# Disable Thread Local storage (TLS)

## mudnaes

Does anyone know how to disable the use of TLS (Thread Local Storage) in the kernel or in glibc? It doesn't seem to be any USE flags or kernel options to do this. 

I'm trying to run Xen (xen.sf.net) on Gentoo. It's strongly recommended to turn off TLS.

Morten.

----------

## runny_yolk

 *Quote:*   

> 
> 
> Users of the XenLinux 2.6 kernel should disable Thread Local Storage (e.g. by doing a mv /lib/tls /lib/tls.disabled) before attempting to run with a XenLinux kernel2.3. You can always reenable it by restoring the directory to its original location (i.e. mv /lib/tls.disabled /lib/tls).
> 
> 

 

From the XEN manual:

Users of the XenLinux 2.6 kernel should disable Thread Local Storage (e.g. by doing a mv /lib/tls /lib/tls.disabled) before attempting to run with a XenLinux kernel2.3. You can always reenable it by restoring the directory to its original location (i.e. mv /lib/tls.disabled /lib/tls).

In my case, I found tls in /usr/lib for my Gentoo with kernel 2.6.

Good luck...[/quote]

----------

## mudnaes

Thanks!

I also found out that the masked package of glibc had the normal /lib/tls structure described in the Xen manual.

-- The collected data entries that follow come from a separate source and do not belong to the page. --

lemma mono_weight_add:
  assumes "keys \<alpha> \<inter> keys \<beta> = {}"
  shows "mono_weight m (\<alpha> + \<beta>) = mono_weight m \<alpha> * mono_weight m \<beta>"
proof -
  let ?p = "\<lambda>\<gamma> i. pochhammer (- of_int (m i)) (lookup \<gamma> i)"
  have "mono_weight m (\<alpha> + \<beta>) = (\<Prod>i\<in>keys \<alpha> \<union> keys \<beta>. ?p (\<alpha> + \<beta>) i)"
    by (rule mono_weight_superset) (auto simp: keys_add_nat)
  also have "\<dots> = (\<Prod>i\<in>keys \<alpha>. ?p (\<alpha> + \<beta>) i) * (\<Prod>i\<in>keys \<beta>. ?p (\<alpha> + \<beta>) i)"
    using assms by (simp add: prod.union_disjoint)
  also have "(\<Prod>i\<in>keys \<alpha>. ?p (\<alpha> + \<beta>) i) = mono_weight m \<alpha>"
    unfolding mono_weight_def using assms
    by (intro prod.cong) (auto simp: Poly_Mapping.lookup_add in_keys_iff disjoint_iff)
  also have "(\<Prod>i\<in>keys \<beta>. ?p (\<alpha> + \<beta>) i) = mono_weight m \<beta>"
  proof (unfold mono_weight_def, intro prod.cong refl)
    fix i assume "i \<in> keys \<beta>"
    then have "lookup \<alpha> i = 0" using assms by (auto simp: in_keys_iff)
    then show "?p (\<alpha> + \<beta>) i = ?p \<beta> i" by (simp add: Poly_Mapping.lookup_add)
  qed
  finally show ?thesis .
qed

lemma mono_weight_add_single:
  "mono_weight m (\<alpha> + single i 1) = (of_nat (lookup \<alpha> i) - of_int (m i)) * mono_weight m \<alpha>"
proof -
  let ?p = "\<lambda>\<gamma> j. pochhammer (- of_int (m j)) (lookup \<gamma> j)"
  let ?S = "insert i (keys \<alpha>)"
  have rest: "(\<Prod>j\<in>keys \<alpha> - {i}. ?p (\<alpha> + single i 1) j) = (\<Prod>j\<in>keys \<alpha> - {i}. ?p \<alpha> j)"
    by (intro prod.cong) (auto simp: Poly_Mapping.lookup_add Poly_Mapping.lookup_single when_def)
  have "mono_weight m (\<alpha> + single i 1) = (\<Prod>j\<in>?S. ?p (\<alpha> + single i 1) j)"
    by (rule mono_weight_superset) (auto simp: keys_add_nat)
  also have "\<dots> = ?p (\<alpha> + single i 1) i * (\<Prod>j\<in>keys \<alpha> - {i}. ?p \<alpha> j)"
    by (simp only: prod.insert_remove finite_keys rest)
  finally have succ: "mono_weight m (\<alpha> + single i 1) = \<dots>" .
  have weight: "mono_weight m \<alpha> = ?p \<alpha> i * (\<Prod>j\<in>keys \<alpha> - {i}. ?p \<alpha> j)"
    by (subst mono_weight_superset[of ?S]) (auto simp: prod.insert_remove)
  show ?thesis
    unfolding succ weight by (simp add: Poly_Mapping.lookup_add pochhammer_Suc algebra_simps)
qed

lemma mono_weight_sum_add_single:
  assumes "finite I" "keys \<alpha> \<subseteq> I"
  shows "(\<Sum>i\<in>I. mono_weight m (\<alpha> + single i 1)) =
    (of_nat (tdeg \<alpha>) - of_int (\<Sum>i\<in>I. m i)) * (mono_weight m \<alpha> :: 'k::comm_ring_1)"
  unfolding mono_weight_add_single sum_distrib_right[symmetric] sum_subtractf
  using assms by (simp add: tdeg_superset[of I] of_nat_sum)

Xen is now running fine on my Gentoos. 

This is what I did to get it running (in case anyone else searches for Xen and Gentoo in these forums).

- Emerge new glibc (having nptl flag set, DO NOT SET nptlonly)

- Emerge udev package (XEN doesn't like devfs)

- Compiled and installed XEN 2.0.4 from source.

- Copied my gentoo installation into logical disk (chapter 5.1 in Xen manual), changed the ip-adress in /etc/init.d/net

- Created a Xen config with same partitionlayout (hda3,hda1) for logical disk (like the partitions the copy was made from). Failed horrible when trying to use sda (scsi drive setup).

Be aware that if you have a SMP setup, only 1 processor is available to one single domain (this includes Domain0). Running xm info will show both processors avaiable. CPU Affinity can be configured.

The whole thing works like a charm (running separate logical machines for web, mail and print services).

----------